The short answer - don't, unless your company policy forces you to.

简短的回答 - 不要，除非您的公司政策强迫您这样做。

The long answer
Signing jars is effectively telling your customer "I made this, and I guarantee it won't mess up your system. If it does, come to me for retribution". This is why signed jars in client-side solution deployed from remote servers (applets / webstart) enjoy higher privileges than non-signed solutions do.

长答案
Signing jars 有效地告诉您的客户“这是我做的，我保证它不会弄乱您的系统。如果是这样，请找我报复”。这就是为什么从远程服务器（applet/webstart）部署的客户端解决方案中的签名 jar 比非签名解决方案享有更高的特权。

On server-side solutions, where you don't have to to placate the JVM security demands, this guarantee is only for your customer peace of mind.
The bad thing about signed jars is that they load slower than unsigned jars. How much slower? it's CPU-bound, but I've noticed more than a 100% increase in loading time. Also, patches are harder (you have to re-sign the jar), class-patches are impossible (all classes in a single package must have the same signature source) and splitting jars becomes a chore. Not to mention your build process is longer, and that proper certificates cost money (self-signed is next to useless).

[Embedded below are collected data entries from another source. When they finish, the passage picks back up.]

(* Let $s \geq 3$ be a fixed integer and $q$ a power of an odd prime. The graph $H^b(s,q)$ contains at least $(1 - o(1)) \frac{ q^{4 ( s - 1) } }{4}$ copies of $K_{2,2}$, where $o(1) \to 0$ as $q \to \infty$.
   Context: Let $N: \mathbb{F}_{q^{s-1}} \to \mathbb{F}_q$ be the norm map $N(X) = X^{1 + q + q^2 + \dots + q^{s - 2}}$. $H^b(s,q)$ is the bipartite graph with parts $A$ and $B$, each a disjoint copy of $\mathbb{F}_{q^{s-1}} \times \mathbb{F}_q^*$, where $(x_1,x_2)\in A$ is adjacent to $(y_1,y_2)\in B$ if and only if $N(x_1+y_1) = x_2 y_2$. *)

theory Defs
  imports Complex_Main "HOL-Algebra.Ring" "HOL-Computational_Algebra.Primes"
begin

definition odd_prime_power :: "nat \<Rightarrow> bool" where
  "odd_prime_power q \<longleftrightarrow> (\<exists>p k. prime p \<and> odd p \<and> k > 0 \<and> q = p ^ k)"

text \<open>Given a finite field R of order q^(s-1), the subfield F_q is the set of roots of X^q - X.\<close>
definition subfield_q :: "('a, 'b) ring_scheme \<Rightarrow> nat \<Rightarrow> 'a set" where
  "subfield_q R q = {x \<in> carrier R. x [^]\<^bsub>R\<^esub> q = x}"

definition units_q :: "('a, 'b) ring_scheme \<Rightarrow> nat \<Rightarrow> 'a set" where
  "units_q R q = subfield_q R q - {\<zero>\<^bsub>R\<^esub>}"

definition Hb_norm :: "('a, 'b) ring_scheme \<Rightarrow> nat \<Rightarrow> nat \<Rightarrow> 'a \<Rightarrow> 'a" where
  "Hb_norm R q s X = X [^]\<^bsub>R\<^esub> (\<Sum>i<s - 1. q ^ i)"

text \<open>Vertex set of H^b(s,q): part A = Inl, part B = Inr, each a copy of F_{q^(s-1)} x F_q^*.\<close>
definition Hb_vertices :: "('a, 'b) ring_scheme \<Rightarrow> nat \<Rightarrow> (('a \<times> 'a) + ('a \<times> 'a)) set" where
  "Hb_vertices R q = Inl ` (carrier R \<times> units_q R q) \<union> Inr ` (carrier R \<times> units_q R q)"

fun Hb_adj :: "('a, 'b) ring_scheme \<Rightarrow> nat \<Rightarrow> nat \<Rightarrow>
    (('a \<times> 'a) + ('a \<times> 'a)) \<Rightarrow> (('a \<times> 'a) + ('a \<times> 'a)) \<Rightarrow> bool" where
  "Hb_adj R q s (Inl (x1, x2)) (Inr (y1, y2)) =
     (Hb_norm R q s (x1 \<oplus>\<^bsub>R\<^esub> y1) = x2 \<otimes>\<^bsub>R\<^esub> y2)"
| "Hb_adj R q s (Inr (y1, y2)) (Inl (x1, x2)) =
     (Hb_norm R q s (x1 \<oplus>\<^bsub>R\<^esub> y1) = x2 \<otimes>\<^bsub>R\<^esub> y2)"
| "Hb_adj R q s _ _ = False"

在服务器端解决方案上，您不必满足 JVM 安全需求，这种保证只是为了让您的客户安心。
签名 jar 的坏处是它们的加载速度比未签名 jar 慢。慢多少？它受 CPU 限制，但我注意到加载时间增加了 100% 以上。此外，补丁更难（您必须对 jar 重新签名），类补丁是不可能的（单个包中的所有类必须具有相同的签名源）并且拆分 jar 成为一件苦差事。更不用说您的构建过程更长，并且适当的证书需要花钱（自签名几乎没用）。

So, unless your company policy forces you to, don't sign jars on the server side, and keep common jars in signed and non-signed versions (signed go to the client-side deployment, non-signed go to server-side codebase).

因此，除非您的公司政策强制您这样做，否则不要在服务器端对 jar 进行签名，并将常见的 jar 保持在签名和非签名版本中（签名转到客户端部署，未签名转到服务器端代码库）。

A good reason could be if you never wanted anybody to be able to sneak in modfied classes to be called by your code.

一个很好的理由可能是，如果您从不希望任何人能够潜入修改后的类以供您的代码调用。

Unfortunately that includes yourself :-D So this is only to be done if you really need it. Check the "sealed jar" concept.

不幸的是，这包括你自己 :-D 所以这只有在你真的需要的时候才做。检查“密封罐”概念。

In terms of applets: From 6u10, the Sun JRE replace the warning banner with less obtrusive (from 6u12, IIRC) warning triangle (necessary to support shaped and transparent windows). 6u10 also allows controlled file access through the JNLP services API.

在小程序方面：从 6u10 开始，Sun JRE 将警告横幅替换为不那么突兀（来自 6u12，IIRC）警告三角形（必须支持异形和透明窗口）。6u10 还允许通过 JNLP 服务 API 进行受控文件访问。

The principle of least privilege says that you should not sign the classes of your jar files. Security is not necessarily easy.

最小权限原则说你不应该对你的 jar 文件的类进行签名。安全并不一定容易。

Simply showing a certificate dialog box should not be construed to mean that the entire contents of a web page is to be trusted.

仅显示证书对话框不应被解释为意味着可以信任网页的全部内容。

Signing a jar file, just like using certificates in other contexts, is done so that people using it know where it came from. People may trust that Chris Carruthers isn't going to write malicious code, and so they're willing to allow your applet access to their file system. The signature gives them some guarantee that the jar really was created by you, and not by an impostor or someone they don't trust.

签署一个 jar 文件，就像在其他上下文中使用证书一样，这样做是为了让使用它的人知道它来自哪里。人们可能相信 Chris Carruthers 不会编写恶意代码，因此他们愿意允许您的小程序访问他们的文件系统。签名为他们提供了一些保证，即罐子确实是由您创建的，而不是由冒名顶替者或他们不信任的人创建的。

In the case of server-side or library jars, there's usually no need to provide that kind of guarantee to anybody. If it's your server, then you know what jars you're using and where they came from, and you probably trust your own code not to be malicious.

在服务器端或库 jar 的情况下，通常不需要向任何人提供这种保证。如果它是您的服务器，那么您就知道您使用的是什么 jar 以及它们来自哪里，并且您可能相信自己的代码不是恶意的。